DESCRIPTION OF THE TASK: After locating the line that contains "UNIV (sets borel)" in the data below, set down exactly that line and each one after it through the line that contains "the number of", and nothing more.

☆ ☆ ☆ ☆ ☆ ☆ ☆

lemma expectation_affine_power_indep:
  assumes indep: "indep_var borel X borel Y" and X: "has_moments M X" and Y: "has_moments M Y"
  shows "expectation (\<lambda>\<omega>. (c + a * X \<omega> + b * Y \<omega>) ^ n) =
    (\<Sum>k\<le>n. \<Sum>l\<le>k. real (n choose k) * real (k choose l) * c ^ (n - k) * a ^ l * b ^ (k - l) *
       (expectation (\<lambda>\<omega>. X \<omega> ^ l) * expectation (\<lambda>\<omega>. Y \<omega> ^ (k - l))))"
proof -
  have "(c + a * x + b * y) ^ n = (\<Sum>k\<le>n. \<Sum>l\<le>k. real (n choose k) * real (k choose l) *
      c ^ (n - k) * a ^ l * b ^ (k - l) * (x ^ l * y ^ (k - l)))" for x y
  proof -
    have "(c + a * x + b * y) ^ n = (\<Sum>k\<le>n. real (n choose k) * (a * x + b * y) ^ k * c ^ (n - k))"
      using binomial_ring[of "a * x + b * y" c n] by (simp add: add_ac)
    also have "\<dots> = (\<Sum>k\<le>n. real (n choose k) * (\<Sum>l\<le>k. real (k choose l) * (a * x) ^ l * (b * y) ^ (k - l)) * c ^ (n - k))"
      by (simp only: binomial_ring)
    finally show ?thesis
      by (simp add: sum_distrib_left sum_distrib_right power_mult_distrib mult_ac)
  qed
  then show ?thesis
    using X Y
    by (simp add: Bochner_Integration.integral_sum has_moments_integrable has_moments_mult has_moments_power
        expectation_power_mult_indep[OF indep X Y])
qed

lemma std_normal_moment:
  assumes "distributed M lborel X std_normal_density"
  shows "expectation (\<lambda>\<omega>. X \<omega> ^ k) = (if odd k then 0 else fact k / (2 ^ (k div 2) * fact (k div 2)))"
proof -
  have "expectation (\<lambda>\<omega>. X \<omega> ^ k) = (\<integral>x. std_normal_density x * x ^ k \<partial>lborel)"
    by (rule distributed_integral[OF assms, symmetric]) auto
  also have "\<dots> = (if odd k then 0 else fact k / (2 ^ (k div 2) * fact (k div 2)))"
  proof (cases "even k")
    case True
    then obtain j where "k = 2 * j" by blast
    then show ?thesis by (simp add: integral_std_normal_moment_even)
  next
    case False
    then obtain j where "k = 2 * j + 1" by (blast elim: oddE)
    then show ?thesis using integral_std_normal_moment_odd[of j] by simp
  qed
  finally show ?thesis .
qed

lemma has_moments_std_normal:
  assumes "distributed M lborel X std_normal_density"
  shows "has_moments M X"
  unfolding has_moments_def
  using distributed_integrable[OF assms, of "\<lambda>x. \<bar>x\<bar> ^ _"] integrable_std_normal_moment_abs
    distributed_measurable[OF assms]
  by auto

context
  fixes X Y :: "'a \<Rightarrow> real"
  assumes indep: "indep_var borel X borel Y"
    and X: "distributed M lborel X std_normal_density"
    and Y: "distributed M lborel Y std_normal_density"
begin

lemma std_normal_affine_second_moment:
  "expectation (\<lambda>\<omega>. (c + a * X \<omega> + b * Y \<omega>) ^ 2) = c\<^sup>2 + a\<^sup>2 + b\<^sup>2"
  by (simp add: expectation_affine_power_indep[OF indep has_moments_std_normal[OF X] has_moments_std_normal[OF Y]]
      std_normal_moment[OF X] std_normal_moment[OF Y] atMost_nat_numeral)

☆ ☆ ☆ ☆ ☆ ☆ ☆

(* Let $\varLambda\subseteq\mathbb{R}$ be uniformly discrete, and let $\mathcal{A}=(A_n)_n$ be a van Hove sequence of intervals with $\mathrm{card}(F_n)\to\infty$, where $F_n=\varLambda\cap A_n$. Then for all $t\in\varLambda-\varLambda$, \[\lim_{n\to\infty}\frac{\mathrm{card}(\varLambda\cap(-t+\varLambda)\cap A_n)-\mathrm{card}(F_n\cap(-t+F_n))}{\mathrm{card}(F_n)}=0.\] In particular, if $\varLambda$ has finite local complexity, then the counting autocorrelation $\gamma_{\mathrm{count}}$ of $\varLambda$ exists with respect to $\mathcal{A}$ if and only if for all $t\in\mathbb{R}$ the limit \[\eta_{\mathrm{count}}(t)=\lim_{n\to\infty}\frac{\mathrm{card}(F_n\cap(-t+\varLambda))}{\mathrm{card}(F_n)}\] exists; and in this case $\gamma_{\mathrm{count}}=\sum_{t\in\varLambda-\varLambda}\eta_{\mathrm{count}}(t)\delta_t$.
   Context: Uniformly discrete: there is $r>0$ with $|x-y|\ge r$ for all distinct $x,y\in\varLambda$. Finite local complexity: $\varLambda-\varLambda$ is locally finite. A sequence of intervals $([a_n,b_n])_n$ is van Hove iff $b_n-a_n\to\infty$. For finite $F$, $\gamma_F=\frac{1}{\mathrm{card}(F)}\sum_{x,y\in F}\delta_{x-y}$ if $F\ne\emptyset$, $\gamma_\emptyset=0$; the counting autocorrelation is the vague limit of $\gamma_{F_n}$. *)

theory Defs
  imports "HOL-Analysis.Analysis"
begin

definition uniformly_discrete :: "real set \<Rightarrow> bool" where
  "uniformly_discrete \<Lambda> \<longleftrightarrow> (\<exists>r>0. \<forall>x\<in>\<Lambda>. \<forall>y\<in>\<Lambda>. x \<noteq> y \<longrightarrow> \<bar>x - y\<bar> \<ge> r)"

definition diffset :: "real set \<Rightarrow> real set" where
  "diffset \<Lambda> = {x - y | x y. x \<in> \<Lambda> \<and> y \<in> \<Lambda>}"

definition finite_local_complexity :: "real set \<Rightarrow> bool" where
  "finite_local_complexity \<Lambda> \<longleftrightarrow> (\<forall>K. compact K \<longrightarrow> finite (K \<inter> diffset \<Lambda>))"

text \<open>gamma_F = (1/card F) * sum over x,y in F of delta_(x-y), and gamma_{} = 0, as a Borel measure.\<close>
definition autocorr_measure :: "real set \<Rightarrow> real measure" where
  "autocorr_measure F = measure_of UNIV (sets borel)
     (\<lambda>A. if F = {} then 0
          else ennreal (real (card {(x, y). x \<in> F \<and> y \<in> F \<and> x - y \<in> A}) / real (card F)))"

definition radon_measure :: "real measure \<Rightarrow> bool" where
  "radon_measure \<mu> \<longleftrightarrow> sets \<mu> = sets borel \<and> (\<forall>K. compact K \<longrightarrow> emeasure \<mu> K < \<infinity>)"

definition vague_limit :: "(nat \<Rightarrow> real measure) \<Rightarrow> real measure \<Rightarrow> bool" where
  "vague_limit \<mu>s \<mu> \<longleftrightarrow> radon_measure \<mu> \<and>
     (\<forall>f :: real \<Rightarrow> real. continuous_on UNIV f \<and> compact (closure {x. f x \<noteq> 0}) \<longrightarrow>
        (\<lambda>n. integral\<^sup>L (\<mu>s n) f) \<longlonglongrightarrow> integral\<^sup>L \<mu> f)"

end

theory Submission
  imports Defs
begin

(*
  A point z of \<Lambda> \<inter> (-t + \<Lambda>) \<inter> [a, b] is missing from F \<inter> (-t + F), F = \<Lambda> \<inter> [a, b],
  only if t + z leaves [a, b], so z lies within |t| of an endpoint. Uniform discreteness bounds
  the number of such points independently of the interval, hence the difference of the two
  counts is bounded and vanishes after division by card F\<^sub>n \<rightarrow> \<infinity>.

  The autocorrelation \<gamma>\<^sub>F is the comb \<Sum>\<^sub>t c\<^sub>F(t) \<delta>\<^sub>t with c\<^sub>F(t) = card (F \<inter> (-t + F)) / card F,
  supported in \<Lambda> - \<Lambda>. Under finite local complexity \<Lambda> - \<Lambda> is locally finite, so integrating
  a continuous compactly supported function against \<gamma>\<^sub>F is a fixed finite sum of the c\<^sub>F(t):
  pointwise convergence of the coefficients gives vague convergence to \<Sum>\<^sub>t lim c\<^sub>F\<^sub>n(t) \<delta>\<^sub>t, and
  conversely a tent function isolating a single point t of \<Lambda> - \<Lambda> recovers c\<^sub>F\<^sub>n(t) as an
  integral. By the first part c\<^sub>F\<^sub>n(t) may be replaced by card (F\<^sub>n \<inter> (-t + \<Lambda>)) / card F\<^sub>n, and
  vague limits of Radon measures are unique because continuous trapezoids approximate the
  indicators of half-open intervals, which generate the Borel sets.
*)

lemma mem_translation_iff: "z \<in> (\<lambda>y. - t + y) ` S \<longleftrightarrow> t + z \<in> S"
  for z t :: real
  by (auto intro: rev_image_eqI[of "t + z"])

☆ ☆ ☆ ☆ ☆ ☆ ☆

THE ANSWER:
  "autocorr_measure F = measure_of UNIV (sets borel)
     (\<lambda>A. if F = {} then 0
          else ennreal (real (card {(x, y). x \<in> F \<and> y \<in> F \<and> x - y \<in> A}) / real (card F)))"

definition radon_measure :: "real measure \<Rightarrow> bool" where
  "radon_measure \<mu> \<longleftrightarrow> sets \<mu> = sets borel \<and> (\<forall>K. compact K \<longrightarrow> emeasure \<mu> K < \<infinity>)"

definition vague_limit :: "(nat \<Rightarrow> real measure) \<Rightarrow> real measure \<Rightarrow> bool" where
  "vague_limit \<mu>s \<mu> \<longleftrightarrow> radon_measure \<mu> \<and>
     (\<forall>f :: real \<Rightarrow> real. continuous_on UNIV f \<and> compact (closure {x. f x \<noteq> 0}) \<longrightarrow>
        (\<lambda>n. integral\<^sup>L (\<mu>s n) f) \<longlonglongrightarrow> integral\<^sup>L \<mu> f)"

end

theory Submission
  imports Defs
begin

(*
  A point z of \<Lambda> \<inter> (-t + \<Lambda>) \<inter> [a, b] is missing from F \<inter> (-t + F), F = \<Lambda> \<inter> [a, b],
  only if t + z leaves [a, b], so z lies within |t| of an endpoint. Uniform discreteness bounds
  the number of such points independently of the interval, hence the difference of the two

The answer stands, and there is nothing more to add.